- The Washington Times - Tuesday, July 26, 2011

JUBA, South Sudan — Harassment, arbitrary detention and beatings come with the turf for journalists in South Sudan who dare to question the government’s actions, expose corruption or report the opposition’s point of view.

An atmosphere of intimidation has some reporters worried that Africa’s newest nation is replicating the intolerance for a free press that is pervasive in Sudan, the nation South Sudan officially separated from on July 9.

Nhial Bol, the editor of the Citizen newspaper, regularly faces death threats. He was arrested three times in the past four years, during a transition period under an interim government that included many of the same officials with the new administration.

He said it was no coincidence that each arrest followed a Citizen report on corruption in the government. In February, police raided the newspaper’s office in the capital, Juba, and ordered its journalists not to write about misconduct by the South Sudan armed forces.

Mr. Bol was part of the panel that helped draft media-freedom legislation for South Sudan. The legislation has yet to become law.

“Nhial Bol has been threatened with death, and he is a member of the committee that is forming the law. That’s the irony,” said Edmund Yakani, program coordinator at the Community Empowerment for Progress Organization in Juba.

“He is on a blacklist because they feel this is a guy campaigning for a free press,” he added.

Sudan suffered two decades of north-south civil war that left more than 2 million dead and ended with the signing of the Comprehensive Peace Agreement in 2005.

The Sudan People’s Liberation Movement (SPLM) and the Sudan People’s Liberation Army (SPLA) spent much of this time in the bush fighting troops loyal to the north. Now the SPLM is the ruling party across the south.

Mr. Bol attributes the government’s intolerance to criticism to the time officials spent in a guerrilla war.

“There is no system of accountability in the bush, so when you seek accountability from the government, it sounds very strange to them,” he said.

Ambroise Pierre, the Paris-based head of the Africa desk at Reporters Without Borders, said the detention and harassment of journalists in the south is a cultural trait that has carried over from the north.

“I don’t think this will change overnight,” he said in a phone interview.

Journalists in the south say the government has zero tolerance for publications that carry the opinions of the opposition.

Earlier this month, the Juba Post reported that military intelligence agents detained and beat opposition leader Onyoti Nyikwech Adigo.

Mr. Adigo was roughed up after members of his party displayed posters in Juba, congratulating South Sudan on its independence and urging human rights and political freedoms. Mr. Adigo lost a tooth in the beating.

“The government told me not to run that kind of story. If we want to run anything, we have to call them first,” Juba Post editor Michael Koma said in an interview.
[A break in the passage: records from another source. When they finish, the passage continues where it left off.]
(* Let $G$ be a graph. If $G$ has a pan cycle $C$, then $\mathsf{pn}(G)=\mathsf{pn}(G-C)+1$, where $G-C$ denotes the graph obtained from $G$ by deleting all edges of $C$.
   Context: All graphs are finite, simple and undirected. A path partition of $G$ is a collection of pairwise edge-disjoint paths in $G$ whose edge sets together cover $E(G)$; $\mathsf{pn}(G)$ is the minimum size of a path partition. A pan cycle of $G$ is a cycle $C$ in $G$ containing a unique vertex $v$ with $\deg_G(v)=3$, while every other vertex $w$ of $C$ has $\deg_G(w)=2$. *)

theory Defs
  imports Main
begin

definition graph :: "'a set \<Rightarrow> 'a set set \<Rightarrow> bool" where
  "graph V E \<longleftrightarrow> finite V \<and> (\<forall>e\<in>E. \<exists>u v. e = {u, v} \<and> u \<noteq> v \<and> u \<in> V \<and> v \<in> V)"

definition degree :: "'a set set \<Rightarrow> 'a \<Rightarrow> nat" where
  "degree E v = card {e \<in> E. v \<in> e}"

definition walk_edges :: "'a list \<Rightarrow> 'a set set" where
  "walk_edges xs = set (map (\<lambda>(u, v). {u, v}) (zip xs (tl xs)))"

definition is_path :: "'a set \<Rightarrow> 'a set set \<Rightarrow> 'a list \<Rightarrow> bool" where
  "is_path V E xs \<longleftrightarrow> length xs \<ge> 2 \<and> distinct xs \<and> set xs \<subseteq> V \<and>
     (\<forall>i < length xs - 1. {xs ! i, xs ! Suc i} \<in> E)"

definition is_cycle :: "'a set \<Rightarrow> 'a set set \<Rightarrow> 'a list \<Rightarrow> bool" where
  "is_cycle V E xs \<longleftrightarrow> length xs \<ge> 3 \<and> distinct xs \<and> set xs \<subseteq> V \<and>
     (\<forall>i < length xs - 1. {xs ! i, xs ! Suc i} \<in> E) \<and> {last xs, hd xs} \<in> E"

definition cycle_edges :: "'a list \<Rightarrow> 'a set set" where
  "cycle_edges xs = walk_edges xs \<union> {{last xs, hd xs}}"

text \<open>A path partition, represented by the set of edge sets of its paths
  (paths are nonempty and pairwise edge-disjoint, so this loses nothing).\<close>
definition path_partition :: "'a set \<Rightarrow> 'a set set \<Rightarrow> 'a set set set \<Rightarrow> bool" where
  "path_partition V E P \<longleftrightarrow>
     (\<forall>p\<in>P. \<exists>xs. is_path V E xs \<and> p = walk_edges xs) \<and>
     pairwise disjnt P \<and> \<Union>P = E"

definition pn :: "'a set \<Rightarrow> 'a set set \<Rightarrow> nat" where
  "pn V E = (LEAST n. \<exists>P. path_partition V E P \<and> card P = n)"

definition is_pan_cycle :: "'a set \<Rightarrow> 'a set set \<Rightarrow> 'a list \<Rightarrow> bool" where
  "is_pan_cycle V E C \<longleftrightarrow> is_cycle V E C \<and>
     (\<exists>v\<in>set C. degree E v = 3 \<and> (\<forall>w\<in>set C. w \<noteq> v \<longrightarrow> degree E w = 2))"

end

theory Submission
  imports Defs
begin

text \<open>Write the pan cycle as \<open>v # cs\<close> with \<open>v\<close> the vertex of degree 3, and let \<open>e\<^sub>0\<close>
  be the unique edge at \<open>v\<close> outside the cycle. Every edge at a vertex of \<open>cs\<close> is a
  cycle edge, so along a path the membership of edges in the cycle can only change at \<open>v\<close>.
  Hence a path using both cycle edges and other edges passes through \<open>e\<^sub>0\<close>, and removing
  its cycle edges leaves a path. In an optimal path partition of \<open>G\<close> some path lies inside
  the cycle: otherwise all cycle edges would lie on the one path containing \<open>e\<^sub>0\<close>, which
  would then have three edges at \<open>v\<close>. Dropping that path and the cycle edges of the others
  gives \<open>pn (G - C) < pn G\<close>. Conversely, in an optimal partition of \<open>G - C\<close> the path
  through \<open>e\<^sub>0\<close> ends at \<open>v\<close>; extending it once around the cycle and adding the closing
  edge as a new path gives \<open>pn G \<le> pn (G - C) + 1\<close>.\<close>

lemma walk_edges_Nil [simp]: "walk_edges [] = {}"
  and walk_edges_singleton [simp]: "walk_edges [x] = {}"
  and walk_edges_Cons_Cons [simp]: "walk_edges (x # y # xs) = insert {x, y} (walk_edges (y # xs))"
  by (simp_all add: walk_edges_def)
“We were just telling the public what was happening in their country on the eve of their independence,” he added.

In April, police seized thousands of copies of the Juba Post, which carried a story quoting a spokesman for dissident forces as saying they were planning to attack Juba on the July 9 independence day.
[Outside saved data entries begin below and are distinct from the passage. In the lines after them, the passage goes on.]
theorem theorem3:
  fixes V :: "'a set" and E :: "'a \<Rightarrow> 'a \<Rightarrow> bool" and n :: nat and z :: complex
  assumes "n \<ge> 1"
    and "simple_graph V E"
    and "card V = n"
    and "independence_root V E z"
  shows "cmod z \<le> 3 powr (real n / 3) + real n - 1"
proof (rule enestrom_kakeya_ratio[where a = "\<lambda>k. real (indep_count V E k)"
      and m = "independence_number V E"])
  have "finite V"
    using assms(2) by (simp add: simple_graph_def)
  have "0 < 3 powr (real n / 3)" "1 \<le> real n"
    using assms(1) by simp_all
  then show "0 < 3 powr (real n / 3) + real n - 1"
    by linarith
  show "real (indep_count V E k) \<le> (3 powr (real n / 3) + real n - 1) * real (indep_count V E (Suc k))"
    if "k < independence_number V E" for k
    using indep_count_le_ratio[OF assms(2) that] assms(3) by simp
  show "0 \<le> real (indep_count V E 0)"
    by simp
  show "0 < real (indep_count V E (independence_number V E))"
    using indep_count_pos[OF \<open>finite V\<close>] by simp
  show "(\<Sum>k\<le>independence_number V E. of_real (real (indep_count V E k)) * z ^ k) = 0"
    using assms(4) poly_indep_poly[OF \<open>finite V\<close>] by (simp add: independence_root_def)
qed

end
The Information Ministry summoned Mr. Koma and told him not to write about the rebels.

“We face daily harassment from various security and intelligence agencies, which are trying to force us into censorship and are intolerant to others’ views. The picture is very bleak,” he said.
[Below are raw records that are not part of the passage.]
lemma mpoly_vars_mpoly_of_terms: "mpoly_vars (mpoly_of_terms ts) \<subseteq> terms_vars ts"
proof (induction ts)
  case Nil
  then show ?case by (simp add: mpoly_of_terms_def mpoly_vars_def)
next
  case (Cons t ts)
  obtain c m where t: "t = (c, m)" by force
  have "mpoly_of_terms (t # ts) = Poly_Mapping.single m c + mpoly_of_terms ts"
    by (simp add: mpoly_of_terms_def t)
  then show ?case
    using Cons mpoly_vars_add[of "Poly_Mapping.single m c" "mpoly_of_terms ts"]
      mpoly_vars_single[of m c]
    by (auto simp: terms_vars_def t)
qed

lemma pexpr_as_mpoly:
  "\<exists>t. mpoly_vars t \<subseteq> pexpr_vars e \<and> (\<forall>v. mpoly_eval t v = pexpr_eval e v)"
proof (intro exI conjI allI)
  show "mpoly_vars (mpoly_of_terms (pexpr_terms e)) \<subseteq> pexpr_vars e"
    using mpoly_vars_mpoly_of_terms terms_vars_pexpr_terms by (rule order_trans)
  show "mpoly_eval (mpoly_of_terms (pexpr_terms e)) v = pexpr_eval e v" for v
    by (simp only: mpoly_eval_mpoly_of_terms terms_eval_pexpr_terms)
qed

definition child_env :: "ptree list \<Rightarrow> (nat \<Rightarrow> nat) \<Rightarrow> nat \<Rightarrow> nat \<Rightarrow> nat" where
  "child_env cs l n i = (if i = 0 then n else l (map (\<lambda>c. ptree_sem c l n) cs ! (i - 1)))"

definition node_template :: "pexpr \<Rightarrow> ptree list \<Rightarrow> (nat \<Rightarrow> nat) \<Rightarrow> nat \<Rightarrow> nat" where
  "node_template e cs l n = pexpr_eval e (child_env cs l n)"

definition template_wf :: "pexpr \<Rightarrow> ptree list \<Rightarrow> bool" where
  "template_wf e cs \<longleftrightarrow> pexpr_vars e \<subseteq> {..length cs} \<and> (\<forall>c\<in>set cs. ptree_wf c)"

lemma ptree_sem_PNode: "ptree_sem (PNode t cs) l n = mpoly_eval t (child_env cs l n)"
  by (simp add: child_env_def[abs_def])

lemma node_template_described:
  assumes "template_wf e cs"
  shows "\<exists>T. is_description T (node_template e cs)"
proof -
  obtain t where vars: "mpoly_vars t \<subseteq> pexpr_vars e" and eval: "\<forall>v. mpoly_eval t v = pexpr_eval e v"
    using pexpr_as_mpoly by blast
  have "is_description (PNode t cs) (node_template e cs)"
    using assms vars eval
    by (auto simp del: ptree_sem.simps
        simp: is_description_def template_wf_def node_template_def ptree_sem_PNode fun_eq_iff)
  then show ?thesis ..
qed

lemma child_env_append_left:
  "i \<le> length cs \<Longrightarrow> child_env (cs @ ds) l n i = child_env cs l n i"
  by (cases i) (simp_all add: child_env_def nth_append)

lemma child_env_append_right:
  "child_env (cs @ ds) l n (if i = 0 then 0 else i + length cs) = child_env ds l n i"
  by (cases i) (simp_all add: child_env_def nth_append)

lemma node_templates_common_children:
  assumes "template_wf e cs" and "template_wf f ds"
  obtains e' f' bs where "template_wf e' bs" "template_wf f' bs"
    "node_template e' bs = node_template e cs" "node_template f' bs = node_template f ds"
proof
  define shift where "shift i = (if i = 0 then 0 else i + length cs)" for i
  show "template_wf e (cs @ ds)" "template_wf (pexpr_rename shift f) (cs @ ds)"
    using assms by (auto simp: template_wf_def pexpr_vars_rename shift_def)
  show "node_template e (cs @ ds) = node_template e cs"
    using assms(1) unfolding template_wf_def node_template_def fun_eq_iff
    by (auto intro!: pexpr_eval_cong simp: child_env_append_left)
  show "node_template (pexpr_rename shift f) (cs @ ds) = node_template f ds"
    unfolding node_template_def pexpr_eval_rename fun_eq_iff comp_def shift_def
    by (simp only: child_env_append_right, simp)
qed

definition node_expressible :: "((nat \<Rightarrow> nat) \<Rightarrow> nat \<Rightarrow> nat) \<Rightarrow> bool" where
  "node_expressible P \<longleftrightarrow> (\<exists>e cs. template_wf e cs \<and> P = node_template e cs)"

lemma node_expressible_described: "node_expressible P \<Longrightarrow> \<exists>T. is_description T P"
  unfolding node_expressible_def using node_template_described by blast

lemma node_expressible_binop:
  assumes "node_expressible P" and "node_expressible Q"
    and op: "\<And>a b v. pexpr_eval (op a b) v = f (pexpr_eval a v) (pexpr_eval b v)"
    and op_vars: "\<And>a b. pexpr_vars (op a b) = pexpr_vars a \<union> pexpr_vars b"
  shows "node_expressible (\<lambda>l n. f (P l n) (Q l n))"
proof -
  obtain e cs f' ds where "template_wf e cs" "P = node_template e cs"
    "template_wf f' ds" "Q = node_template f' ds"
    using assms(1,2) unfolding node_expressible_def by blast
  then obtain a b bs where wf: "template_wf a bs" "template_wf b bs"
    and PQ: "P = node_template a bs" "Q = node_template b bs"
    by (metis node_templates_common_children)
  have "template_wf (op a b) bs"
    using wf by (auto simp: template_wf_def op_vars)
  moreover have "(\<lambda>l n. f (P l n) (Q l n)) = node_template (op a b) bs"
    by (simp add: PQ node_template_def op fun_eq_iff)
  ultimately show ?thesis unfolding node_expressible_def by blast
qed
In May, Mohammed Arkou Adiebou Ali, a journalist with Sudan Radio Service was arrested in Wau in Western Bahr el Ghazal state and accused of taking photographs without government permission.

Sources told Reporters Without Borders that Mr. Ali was tortured during three weeks in detention. He was released without charges.

Mr. Bol says the government is not interested in the freedom of the press.

“In the absence of laws, we are living at the mercy of the government,” he said.

South Sudan’s minister for information, Barnaba Marial Benjamin, said in an interview that the media-freedom bill will be enacted by the end of the year.

The bill was drafted with input from the government, journalists and civil-society organizations, he said.

“It has been done to the satisfaction of all the stakeholders, and went to the council of ministers that was equally satisfied with it, and now it is in parliament, which will debate it, and sooner or later they will enact it into law, which will be signed by the president,” he added.

Mr. Benjamin said the law will guarantee the freedom of the press so that all citizens are protected within the legal framework of the constitution. There will be no restrictions on what journalists can report.

However, Mr. Bol and Mr. Koma, who were both involved in drafting the legislation, say the language of the bill presented to parliament is not what was discussed by the council of ministers and approved by their panel.

Mr. Bol started the Citizen newspaper in Khartoum.

“At least in the north, they have an institutionalized dictatorship. In the south, there is anarchy,” he said.

Most reporters have been warned not to work at the Citizen, and those who ignore these warnings face intimidation and threats to their lives.

Sudan ranks 172 on a list of 178 countries on Reporters Without Borders’ ranking of press freedoms.